2016 IEEE 6th International Conference on Computational Advances in Bio and Medical Sciences (ICCABS) (2016)
Atlanta, GA, USA
Oct. 13, 2016 to Oct. 15, 2016
Nurit Haspel , Department of Computer Science, UMass Boston, MA 02125, USA
Dong Luo , Department of Computer Science, UMass Boston, MA 02125, USA
Eduardo Gonzalez , Department of Mathematics, UMass Boston, MA 02125, USA
Understanding protein structure and dynamics is essential for understanding their function. This is a challenging task due to the high complexity of the conformational landscapes of proteins and their rugged energy levels. In particular, it is important to detect highly populated regions which could correspond to intermediate structures or local minima. We present a hierarchical clustering and algebraic topology based method that detects regions of interest in protein conformational space. The method is based on several techniques.

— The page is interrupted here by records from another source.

text \<open>If \<open>a\<^sub>k = 0\<close>, the coordinates other than \<open>i, k\<close> contribute at most \<open>(h - 2)(n - 1)\<close>,
  which together with \<open>a\<^sub>i < n - 1\<close> falls short of \<open>(h - 1)(n - 1)\<close>.\<close>

lemma mu_tuples_other_coords_pos:
  assumes a: "a \<in> mu_tuples h n" and i: "i < h" "a i < n - 1" and k: "k < h" "k \<noteq> i"
  shows "a k \<ge> 1"
proof (rule ccontr)
  assume "\<not> a k \<ge> 1"
  then have ak: "a k = 0" by simp
  from a have bound: "\<forall>j<h. a j < n" and sum_a: "(\<Sum>j<h. a j) = (h - 1) * (n - 1)"
    by (auto simp: mem_mu_tuples_iff)
  define c where "c j = a j + (if j = i then 1 else 0) + (if j = k then n - 1 else 0)" for j
  have "\<And>j. j \<in> {..<h} \<Longrightarrow> c j \<le> n - 1"
    using bound i k ak unfolding c_def by force
  then have "sum c {..<h} \<le> h * (n - 1)"
    using sum_bounded_above[of "{..<h}" c "n - 1"] by simp
  moreover have "sum c {..<h} = (\<Sum>j<h. a j) + 1 + (n - 1)"
    unfolding c_def using i k by (simp add: sum.distrib)
  moreover have "h * (n - 1) = (h - 1) * (n - 1) + (n - 1)"
    using i by (cases h) auto
  ultimately show False using sum_a by arith
qed

lemma incr_except_mem_mu_tuples:
  assumes i: "i < h" and b: "b \<in> mu_tuples h (n - 1)"
  shows "incr_except h i b \<in> mu_tuples h n" and "incr_except h i b i < n - 1"
proof -
  from b have bound: "\<forall>k<h. b k < n - 1" and zero: "\<forall>k\<ge>h. b k = 0"
    and sum_b: "(\<Sum>k<h. b k) = (h - 1) * (n - 1 - 1)"
    by (auto simp: mem_mu_tuples_iff)
  have n: "n - 1 = Suc (n - 1 - 1)" using bound i by force
  have "(\<Sum>k<h. incr_except h i b k) = (h - 1) * (n - 1)"
    using n by (simp add: sum_incr_except[OF i] sum_b)
  then show "incr_except h i b \<in> mu_tuples h n"
    using bound zero n by (auto simp: mem_mu_tuples_iff incr_except_def)
  show "incr_except h i b i < n - 1"
    using bound i by (simp add: incr_except_def)
qed

lemma mem_image_incr_except:
  assumes i: "i < h" and a: "a \<in> mu_tuples h n" and ai: "a i < n - 1"
  shows "a \<in> incr_except h i ` mu_tuples h (n - 1)"
proof -
  from a have bound: "\<forall>k<h. a k < n" and zero: "\<forall>k\<ge>h. a k = 0"
    and sum_a: "(\<Sum>k<h. a k) = (h - 1) * (n - 1)"
    by (auto simp: mem_mu_tuples_iff)
  have pos: "\<And>k. k < h \<Longrightarrow> k \<noteq> i \<Longrightarrow> a k \<ge> 1"
    using mu_tuples_other_coords_pos[OF a i ai] by blast
  define b where "b k = (if k < h \<and> k \<noteq> i then a k - 1 else a k)" for k
  have a_eq: "incr_except h i b = a"
    using pos by (intro ext) (simp add: incr_except_def b_def Suc_pred' less_eq_Suc_le)
  have n: "n - 1 = Suc (n - 1 - 1)" using ai by simp
  have "(\<Sum>k<h. b k) + (h - 1) = (h - 1) * (n - 1 - 1) + (h - 1)"
    using sum_incr_except[OF i, of b] a_eq sum_a n by (metis mult_Suc_right add.commute)
  then have "b \<in> mu_tuples h (n - 1)"
    using bound zero ai pos by (force simp: mem_mu_tuples_iff b_def)
  then show ?thesis using a_eq by blast
qed

lemma image_incr_except_mu_tuples:
  assumes "i < h"
  shows "incr_except h i ` mu_tuples h (n - 1) = {a \<in> mu_tuples h n. a i < n - 1}"
  using incr_except_mem_mu_tuples[OF assms] mem_image_incr_except[OF assms] by blast

section \<open>The recursion for \<open>\<mu>\<^sub>n\<close>\<close>

lemma univ_pi_pow_Suc: "univ_pi_pow h q pe u (Suc m) x = univ_pi h q pe u (univ_pi_pow h q pe u m x)"
  unfolding univ_pi_pow_def by simp

lemma univ_pi_pow_Suc_right:
  "univ_pi_pow h q pe u (Suc m) x = univ_pi_pow h q pe u m (univ_pi h q pe u x)"
  unfolding univ_pi_pow_def by (simp add: funpow_Suc_right del: funpow.simps)

lemma lt_pi_pow_Suc_right: "lt_pi_pow h q pe (Suc m) x = lt_pi_pow h q pe m (lt_pi h q pe x)"
  unfolding lt_pi_pow_def by (simp add: funpow_Suc_right del: funpow.simps)
lemma (in prob_space) bucketed_integral_bound:
  fixes q g :: "'a \<Rightarrow> real"
  assumes T: "bucketing w T"
    and q: "q \<in> borel_measurable M" "\<And>x. x \<in> space M \<Longrightarrow> q x \<in> {0..1}"
    and g: "g \<in> borel_measurable M" "\<And>x. x \<in> space M \<Longrightarrow> \<bar>g x\<bar> \<le> K"
    and bias: "\<And>\<tau>. \<tau> \<in> T \<Longrightarrow> \<bar>\<integral>x. indicator \<tau> (q x) * g x \<partial>M\<bar> \<le> \<alpha>"
  shows "\<bar>\<integral>x. q x * g x \<partial>M\<bar> \<le> real (card T) * \<alpha> + w / 2 * K"
proof -
  obtain c where c01: "\<And>\<tau>. \<tau> \<in> T \<Longrightarrow> c \<tau> \<in> {0..1}"
    and close: "\<And>\<tau> v. \<tau> \<in> T \<Longrightarrow> v \<in> \<tau> \<Longrightarrow> \<bar>v - c \<tau>\<bar> \<le> w / 2"
    using bucketing_centres[OF T] by blast
  note cover = bucketingD(3)[OF T]
  have ind_meas: "(\<lambda>x. indicator \<tau> (q x) :: real) \<in> borel_measurable M" if "\<tau> \<in> T" for \<tau>
    using measurable_compose[OF q(1) borel_measurable_indicator[OF bucket_in_borel[OF T that]]]
    by simp
  define r where "r x = q x - (\<Sum>\<tau>\<in>T. indicator \<tau> (q x) * c \<tau>)" for x
  have r_meas: "r \<in> borel_measurable M"
    unfolding r_def using q(1) ind_meas by (intro borel_measurable_diff borel_measurable_sum) auto
  have r_small: "\<bar>r x\<bar> \<le> w / 2" if x: "x \<in> space M" for x
  proof -
    obtain \<tau> where "\<tau> \<in> T" "q x \<in> \<tau>" using cover q(2)[OF x] by blast
    then show ?thesis
      unfolding r_def bucketing_sum_indicator[OF T \<open>\<tau> \<in> T\<close> \<open>q x \<in> \<tau>\<close>] by (rule close)
  qed
  have decomp: "q x * g x = (\<Sum>\<tau>\<in>T. c \<tau> * (indicator \<tau> (q x) * g x)) + r x * g x" for x
    unfolding r_def by (simp add: sum_distrib_left algebra_simps)
  have bias_int: "integrable M (\<lambda>x. indicator \<tau> (q x) * g x)" if "\<tau> \<in> T" for \<tau>
    using ind_meas[OF that] g
    by (intro integrable_bounded[where B = "1 * K"] abs_mult_le_bounds) auto
  have r_int: "integrable M (\<lambda>x. r x * g x)"
    using r_meas g r_small by (intro integrable_bounded[where B = "w / 2 * K"] abs_mult_le_bounds) auto
  have "(\<integral>x. q x * g x \<partial>M)
      = (\<Sum>\<tau>\<in>T. c \<tau> * (\<integral>x. indicator \<tau> (q x) * g x \<partial>M)) + (\<integral>x. r x * g x \<partial>M)"
    unfolding decomp using bias_int r_int by simp
  moreover have "\<bar>\<Sum>\<tau>\<in>T. c \<tau> * (\<integral>x. indicator \<tau> (q x) * g x \<partial>M)\<bar> \<le> (\<Sum>\<tau>\<in>T. 1 * \<alpha>)"
    using c01 bias by (intro order.trans[OF sum_abs] sum_mono abs_mult_le_bounds) auto
  moreover have "\<bar>\<integral>x. r x * g x \<partial>M\<bar> \<le> w / 2 * K"
    using r_meas g r_small by (intro abs_integral_le_bound abs_mult_le_bounds) auto
  ultimately show ?thesis by simp
qed

lemma bucketing_sqrt_width_error:
  assumes T: "bucketing (sqrt (\<alpha> / M)) T" and "\<alpha> > 0" and "M \<ge> 0"
  shows "real (card T) * \<alpha> + sqrt (\<alpha> / M) / 2 * (2 * M) = 2 * sqrt (\<alpha> * M)"
proof -
  let ?w = "sqrt (\<alpha> / M)"
  have "M > 0" using bucketing_width_pos[OF T] \<open>M \<ge> 0\<close> by (cases "M = 0") auto
  note card_w = bucketingD(4)[OF T]
  have "sqrt (\<alpha> * M) = sqrt (\<alpha> / M * (M * M))" using \<open>M > 0\<close> by simp
  also have "\<dots> = ?w * M" using \<open>M > 0\<close> by (simp only: real_sqrt_mult real_sqrt_mult_self abs_of_pos)
  finally have w_M: "?w * M = sqrt (\<alpha> * M)" ..
  have "?w * ?w = \<alpha> / M" using \<open>\<alpha> > 0\<close> \<open>M > 0\<close> by simp
  then have "real (card T) * \<alpha> = real (card T) * ?w * (?w * M)"
    using \<open>M > 0\<close> by (simp add: field_simps)
  also have "\<dots> = sqrt (\<alpha> * M)" using card_w w_M by simp
  finally show ?thesis using w_M by simp
qed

We use coarse grained protein conformational search, efficient robust dimensionality reduction and topological analysis via persistent homology as the main tools. We use two dimensionality reduction methods as well, robust Principal Component Analysis (PCA) and Isomap, to generate a reduced representation of the data while preserving most of the variance in the data. Our hierarchical clustering method was able to produce compact, well separated clusters for all the tested examples.
N. Haspel, Dong Luo and E. Gonzalez, "Detecting intermediate protein conformations using algebraic topology," 2016 IEEE 6th International Conference on Computational Advances in Bio and Medical Sciences (ICCABS), Atlanta, GA, USA, 2016, pp. 1.